All of Phase 4 has rested on a claim: this is cheaper. A 24-byte FieldStr saves an allocation; the arbitrator keeps memory bounded; spilling trades RAM for disk. None of that is worth anything unless you can measure it. This final lesson is about clinker’s measurement tools — and they come in two flavours that are easy to conflate: a fast estimate the runtime uses to budget memory, and an exact count the benchmarks use to verify it.

You’ll be able to: explain the heap_size cost model and why it’s an estimate, read a criterion benchmark, and explain how a custom GlobalAlloc counts allocated bytes.

The cost model: `heap_size`

Recall lessons 4.4–4.5: operators charge bytes against the memory budget. What is a record’s byte cost? The engine estimates it with heap_size — owned heap bytes, accounted per Value variant:

clinker-record ·value.rs ·heap_size fn @47d2e12

/// Estimated heap bytes owned by this value (excludes the enum itself).
pub fn heap_size(&self) -> usize {
    match self {
        Value::String(s) => s.heap_size(),                 // 0 if inline, else byte length
        Value::Array(arr) => {
            arr.capacity() * std::mem::size_of::<Value>()
                + arr.iter().map(Value::heap_size).sum::<usize>()
        }
        Value::Map(m) => m.iter().map(|(k, v)| k.len() + v.heap_size()).sum(),
        _ => 0,                                            // scalars live inline — no heap
    }
}

Two things to read here. Scalars (Integer, Bool, dates) return 0 — they live inline in the 32-byte Value, owning no heap. And a short inline FieldStr also returns 0, which is the 24-byte type from last lesson paying off in the cost model directly. Crucially, this is an estimate, computed by walking the value — not a real allocator measurement. It has to be: charging runs on the hot path, per record, per operator, and you cannot attach an allocator probe to every value without wrecking the throughput you’re trying to bound. A cheap, consistent estimate is the right tool for a runtime budget.

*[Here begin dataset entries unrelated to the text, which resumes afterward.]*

lemma semi_complemented_triv_ext_if_property_D:
  assumes "property_D (triv_ext R M)"
  shows "semi_complemented (triv_ext R M)"
  unfolding semi_complemented_def complemented_def
proof
  fix a assume a: "a \<in> carrier (triv_ext R M) - nilrad (triv_ext R M)"
  then have reg: "a \<in> reg_elems (triv_ext R M)" using assms unfolding property_D_def by blast
  obtain r m where a_eq: "a = (r, m)" and r: "r \<in> carrier R" and m: "m \<in> carrier M"
    using a by auto
  show "\<exists>b \<in> carrier (triv_ext R M). a \<otimes>\<^bsub>triv_ext R M\<^esub> b = \<zero>\<^bsub>triv_ext R M\<^esub>
      \<and> a \<oplus>\<^bsub>triv_ext R M\<^esub> b \<in> reg_elems (triv_ext R M)"
  proof (intro bexI conjI)
    show "a \<otimes>\<^bsub>triv_ext R M\<^esub> \<zero>\<^bsub>triv_ext R M\<^esub> = \<zero>\<^bsub>triv_ext R M\<^esub>"
      using r m by (simp add: a_eq)
    show "a \<oplus>\<^bsub>triv_ext R M\<^esub> \<zero>\<^bsub>triv_ext R M\<^esub> \<in> reg_elems (triv_ext R M)"
      using r m reg by (simp add: a_eq)
  qed simp
qed

lemma triv_ext_complement_annihilates:
  assumes r: "r \<in> carrier R" and s: "s \<in> carrier R" and e: "e \<in> carrier M" and Y: "Y \<in> carrier M"
    and prod: "(r, e) \<otimes>\<^bsub>triv_ext R M\<^esub> (s, Y) = \<zero>\<^bsub>triv_ext R M\<^esub>"
    and reg: "regular_on M (r \<oplus> s)"
  shows "s \<odot>\<^bsub>M\<^esub> e = \<zero>\<^bsub>M\<^esub>"
proof -
  from prod have rs: "r \<otimes> s = \<zero>" and sum: "r \<odot>\<^bsub>M\<^esub> Y \<oplus>\<^bsub>M\<^esub> s \<odot>\<^bsub>M\<^esub> e = \<zero>\<^bsub>M\<^esub>" by simp_all
  have "s \<odot>\<^bsub>M\<^esub> (s \<odot>\<^bsub>M\<^esub> e) = s \<odot>\<^bsub>M\<^esub> (r \<odot>\<^bsub>M\<^esub> Y \<oplus>\<^bsub>M\<^esub> s \<odot>\<^bsub>M\<^esub> e)"
    using r s e Y rs by (simp add: smult_r_distr smult_assoc1[symmetric] m_comm)
  then have ss: "s \<odot>\<^bsub>M\<^esub> (s \<odot>\<^bsub>M\<^esub> e) = \<zero>\<^bsub>M\<^esub>" using sum s by simp
  have "(r \<oplus> s) \<odot>\<^bsub>M\<^esub> (s \<odot>\<^bsub>M\<^esub> e) = (r \<otimes> s) \<odot>\<^bsub>M\<^esub> e \<oplus>\<^bsub>M\<^esub> s \<odot>\<^bsub>M\<^esub> (s \<odot>\<^bsub>M\<^esub> e)"
    using r s e by (simp add: smult_l_distr smult_assoc1)
  also have "\<dots> = \<zero>\<^bsub>M\<^esub>" using rs ss e by simp
  finally show ?thesis using reg s e by (simp add: regular_on_def)
qed
lemma weyl_conjugate_in_parabolic:
  assumes L: "L \<subseteq> {1..n}" and x: "dominant x" and w: "w \<in> weyl_sub alpha {1..n}"
    and eq: "\<And>i. i \<in> {1..n} \<Longrightarrow> i \<notin> L \<Longrightarrow> coef alpha n (w x) i = coef alpha n x i"
  shows "\<exists>v\<in>weyl_sub alpha L. w x = v x"
proof -
  obtain v where v: "v \<in> weyl_sub alpha L" and vd: "\<And>j. j \<in> L \<Longrightarrow> 0 \<le> v (w x) \<bullet> alpha j"
    using weyl_sub_dominant_conjugate[OF L] by metis
  define z where "z = v (w x)"
  define b where "b = x - z"
  have vw: "v \<circ> w \<in> weyl_sub alpha {1..n}"
    using weyl_sub_comp[OF _ w] v weyl_sub_mono[OF L] by blast
  have "nonneg_coefs b"
    unfolding b_def z_def using dominant_minus_weyl_nonneg[OF vw _ x] by simp
  moreover have "coef alpha n b i = 0" if "i \<in> {1..n}" "i \<notin> L" for i
    unfolding b_def z_def using coef_weyl_sub_outside[OF v L that(2)] eq[OF that] coef_diff by simp
  ultimately have zb: "0 \<le> z \<bullet> b"
    using inner_nonneg_if_nonneg_coefs vd unfolding z_def by blast
  \<comment> \<open>x and z have the same norm, so x = z + b with z \<bullet> b \<ge> 0 forces b = 0\<close>
  have "z \<bullet> z = x \<bullet> x" unfolding z_def using inner_weyl_sub[OF vw, of x x] by simp
  also have "\<dots> = z \<bullet> z + 2 * (z \<bullet> b) + b \<bullet> b"
    unfolding b_def by (simp add: inner_diff_left inner_diff_right inner_commute)
  finally have "b \<bullet> b \<le> 0" using zb by linarith
  then have "b = 0" by (metis inner_eq_zero_iff inner_ge_zero order_antisym)
  then have "v (w x) = x" unfolding b_def z_def by simp
  moreover obtain v' where "v' \<in> weyl_sub alpha L" "v' \<circ> v = id"
    using weyl_sub_inverse[OF v] by blast
  ultimately show ?thesis by (metis comp_apply id_apply)
qed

The benchmark suite: criterion

For the other job — proving a change actually made things faster or smaller — clinker uses criterion benchmarks. They live in each crate’s benches/ directory: record_ops (record create/get/set/clone, value_heap_size), arbitration_poll, and more.

clinker-exec ·arbitration_poll.rs ·bench_should_spill bench @47d2e12

// crates/clinker-record/benches/record_ops.rs — the criterion shape
fn bench_value_heap_size(c: &mut Criterion) {
    let string = Value::String("a medium length string".into());
    c.bench_function("value_heap_size/string", |b| {
        b.iter(|| black_box(string.heap_size()));   // black_box stops the optimizer
    });
}

black_box is the load-bearing detail: it hides its argument from the optimizer, so the compiler can’t “see through” the benchmark and delete the work you’re trying to time. You run these with cargo bench -p clinker-record --bench record_ops (or --bench arbitration_poll for the arbitrator-poll cost). The arbitration_poll suite, for instance, times should_spill across consumer-registry sizes to keep the arbitrator’s per-poll cost from regressing as pipelines deepen.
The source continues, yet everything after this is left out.